Hasinoff Brian B, Wu Xing, Patel Daywin, Kanagasabai Ragu, Karmahapatra Soumendrakrishna, Yalowich Jack C
College of Pharmacy, Apotex Centre, University of Manitoba, Winnipeg, Manitoba, Canada (B.B.H., X.W., D.P.); and Division of Pharmacology, College of Pharmacy, Ohio State University, Columbus, Ohio (R.K., S.K., J.C.Y.)
College of Pharmacy, Apotex Centre, University of Manitoba, Winnipeg, Manitoba, Canada (B.B.H., X.W., D.P.); and Division of Pharmacology, College of Pharmacy, Ohio State University, Columbus, Ohio (R.K., S.K., J.C.Y.).
J Pharmacol Exp Ther. 2016 Feb;356(2):397-409. doi: 10.1124/jpet.115.228650. Epub 2015 Dec 11.
Pixantrone is a new noncardiotoxic aza-anthracenedione anticancer drug structurally related to anthracyclines and anthracenediones, such as doxorubicin and mitoxantrone. Pixantrone is approved in the European Union for the treatment of relapsed or refractory aggressive B cell non-Hodgkin lymphoma. This study was undertaken to investigate both the mechanism(s) of its anticancer activity and its relative lack of cardiotoxicity. Pixantrone targeted DNA topoisomerase IIα as evidenced by its ability to inhibit kinetoplast DNA decatenation; to produce linear double-strand DNA in a pBR322 DNA cleavage assay; to produce DNA double-strand breaks in a cellular phospho-histone γH2AX assay; to form covalent topoisomerase II-DNA complexes in a cellular immunodetection of complex of enzyme-to-DNA assay; and to display cross-resistance in etoposide-resistant K562 cells. Pixantrone produced semiquinone free radicals in an enzymatic reducing system, although not in a cellular system, most likely due to low cellular uptake. Pixantrone was 10- to 12-fold less damaging to neonatal rat myocytes than doxorubicin or mitoxantrone, as measured by lactate dehydrogenase release. Three factors potentially contribute to the reduced cardiotoxicity of pixantrone. First, its lack of binding to iron(III) makes it unable to induce iron-based oxidative stress. Second, its low cellular uptake may limit its ability to produce semiquinone free radicals and redox cycle. Finally, because the β isoform of topoisomerase II predominates in postmitotic cardiomyocytes, and pixantrone is demonstrated in this study to be selective for topoisomerase IIα in stabilizing enzyme-DNA covalent complexes, the attenuated cardiotoxicity of this agent may also be due to its selectivity for targeting topoisomerase IIα over topoisomerase IIβ.
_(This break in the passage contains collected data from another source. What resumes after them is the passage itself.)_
lemma singleton_code_preimage:
  assumes "inj g" "\<forall>ns\<in>S. length ns = k"
  shows "{concat ds | ds. length ds = k \<and> set ds \<subseteq> {[g n] | n. True} \<and>
      map (\<lambda>xs. THE n. xs = [g n]) ds \<in> S} = map g ` S" (is "?P = _")
proof
  have decode: "(THE n. g m = g n) = m" for m
    using assms(1) by (auto dest: injD)
  show "?P \<subseteq> map g ` S"
  proof
    fix xs assume "xs \<in> ?P"
    then obtain ds where ds: "xs = concat ds" "set ds \<subseteq> {[g n] | n. True}"
      "map (\<lambda>xs. THE n. xs = [g n]) ds \<in> S" by blast
    define ns where "ns = map (\<lambda>xs. THE n. xs = [g n]) ds"
    have "ds = map (\<lambda>n. [g n]) ns"
      unfolding ns_def using ds(2) by (induction ds) (auto simp: decode)
    hence "xs = map g ns" using ds(1) by (simp add: concat_map_singleton)
    thus "xs \<in> map g ` S" using ds(3) unfolding ns_def by blast
  qed
  show "map g ` S \<subseteq> ?P"
  proof
    fix xs assume "xs \<in> map g ` S"
    then obtain ns where ns: "ns \<in> S" "xs = map g ns" by blast
    let ?ds = "map (\<lambda>n. [g n]) ns"
    have "map (\<lambda>xs. THE n. xs = [g n]) ?ds = ns" by (induction ns) (simp_all add: decode)
    moreover have "xs = concat ?ds" "length ?ds = k" "set ?ds \<subseteq> {[g n] | n. True}"
      using ns assms(2) by auto
    ultimately show "xs \<in> ?P" using ns(1) by (metis (mono_tags, lifting) mem_Collect_eq)
  qed
qed

theorem lemma5p1:
  shows "interpretation_params_nat wr_carrier wr_mult 1
           {[wr_pow wr_a n] | n. True}
           (\<lambda>xs. THE n. xs = [wr_pow wr_a n])"
  unfolding interpretation_params_nat_def
proof (intro conjI allI impI)
  let ?g = "wr_pow wr_a"
  have g: "?g = (\<lambda>n. apow (int n))" by (simp add: fun_eq_iff wr_pow_a)
  have inj: "inj ?g" unfolding g by (rule injI) simp
  show "{[?g n] | n. True} \<subseteq> {xs. length xs = 1 \<and> set xs \<subseteq> wr_carrier}" by (auto simp: g)
  have "m = (THE n. [?g m] = [?g n])" for m using inj by (simp add: inj_eq)
  hence "m \<in> (\<lambda>xs. THE n. xs = [?g n]) ` {[?g n] | n. True}" for m by blast
  thus "(\<lambda>xs. THE n. xs = [?g n]) ` {[?g n] | n. True} = UNIV" by blast
  fix k S assume S: "arith_definable k S"
  hence "\<forall>ns\<in>S. length ns = k" unfolding arith_definable_def by auto
  thus "group_definable_params wr_carrier wr_mult (1 * k)
      {concat ds | ds. length ds = k \<and> set ds \<subseteq> {[?g n] | n. True} \<and>
        map (\<lambda>xs. THE n. xs = [?g n]) ds \<in> S}"
    using singleton_code_preimage[OF inj] definable_image[OF S] by (simp add: g)
qed
(* Let $E$ be a Banach lattice whose dual $E'$ does not contain any (isomorphic) copy of $\ell_1$. Then $E$ has the weak Grothendieck property.
   Context: $E$ has the weak Grothendieck property if every disjoint weak* null sequence in the dual Banach lattice $E'$ is weakly null. *)

theory Defs
  imports "HOL-Analysis.Analysis"
begin

definition lat_abs :: "'a::{ordered_real_vector, lattice} \<Rightarrow> 'a" where
  "lat_abs x = sup x (- x)"

definition banach_lattice :: "'a::{banach, ordered_real_vector, lattice} itself \<Rightarrow> bool" where
  "banach_lattice _ \<longleftrightarrow> (\<forall>x y::'a. lat_abs x \<le> lat_abs y \<longrightarrow> norm x \<le> norm y)"

text \<open>Its lattice operations are given by the Riesz-Kantorovich formulas:
for x \<ge> 0, |f|(x) = sup { f y : |y| \<le> x } and
(f \<and> g)(x) = inf { f y + g (x - y) : 0 \<le> y \<le> x }.\<close>

definition dual_abs :: "('a::{banach, ordered_real_vector, lattice} \<Rightarrow>\<^sub>L real) \<Rightarrow> 'a \<Rightarrow> real" where
  "dual_abs f x = Sup {blinfun_apply f y | y. lat_abs y \<le> x}"

definition dual_disjoint ::
  "('a::{banach, ordered_real_vector, lattice} \<Rightarrow>\<^sub>L real) \<Rightarrow> ('a \<Rightarrow>\<^sub>L real) \<Rightarrow> bool" where
  "dual_disjoint f g \<longleftrightarrow>
     (\<forall>x::'a. 0 \<le> x \<longrightarrow> Inf {dual_abs f y + dual_abs g (x - y) | y. 0 \<le> y \<and> y \<le> x} = 0)"

definition disjoint_seq_dual :: "(nat \<Rightarrow> ('a::{banach, ordered_real_vector, lattice} \<Rightarrow>\<^sub>L real)) \<Rightarrow> bool" where
  "disjoint_seq_dual f \<longleftrightarrow> (\<forall>m n. m \<noteq> n \<longrightarrow> dual_disjoint (f m) (f n))"

definition weak_star_null :: "(nat \<Rightarrow> ('a::real_normed_vector \<Rightarrow>\<^sub>L real)) \<Rightarrow> bool" where
  "weak_star_null f \<longleftrightarrow> (\<forall>x. (\<lambda>n. blinfun_apply (f n) x) \<longlonglongrightarrow> 0)"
匹杉琼是一种新型的无心脏毒性的氮杂蒽二酮类抗癌药物,其结构与蒽环类药物和蒽二酮类药物相关,如多柔比星和米托蒽醌。匹杉琼在欧盟被批准用于治疗复发或难治性侵袭性B细胞非霍奇金淋巴瘤。本研究旨在探究其抗癌活性机制及其相对缺乏心脏毒性的原因。匹杉琼靶向DNA拓扑异构酶IIα,这可通过其抑制动质体DNA解连环的能力得以证明;在pBR322 DNA切割试验中产生线性双链DNA;在细胞磷酸化组蛋白γH2AX试验中产生DNA双链断裂;在细胞酶 - DNA复合物免疫检测中形成共价拓扑异构酶II - DNA复合物;以及在依托泊苷耐药的K562细胞中表现出交叉耐药性。匹杉琼在酶促还原系统中产生半醌自由基,但在细胞系统中不产生,这很可能是由于细胞摄取率低所致。通过乳酸脱氢酶释放量测定,匹杉琼对新生大鼠心肌细胞的损伤比多柔比星或米托蒽醌小10至12倍。有三个因素可能导致匹杉琼心脏毒性降低。首先,它不与铁(III)结合,使其无法诱导基于铁的氧化应激。其次,其低细胞摄取率可能限制了其产生半醌自由基和氧化还原循环的能力。最后,由于拓扑异构酶II的β同工型在有丝分裂后心肌细胞中占主导地位,并且本研究表明匹杉琼在稳定酶 - DNA共价复合物方面对拓扑异构酶IIα具有选择性,该药物心脏毒性减弱也可能是由于其对拓扑异构酶IIα的靶向选择性高于拓扑异构酶IIβ。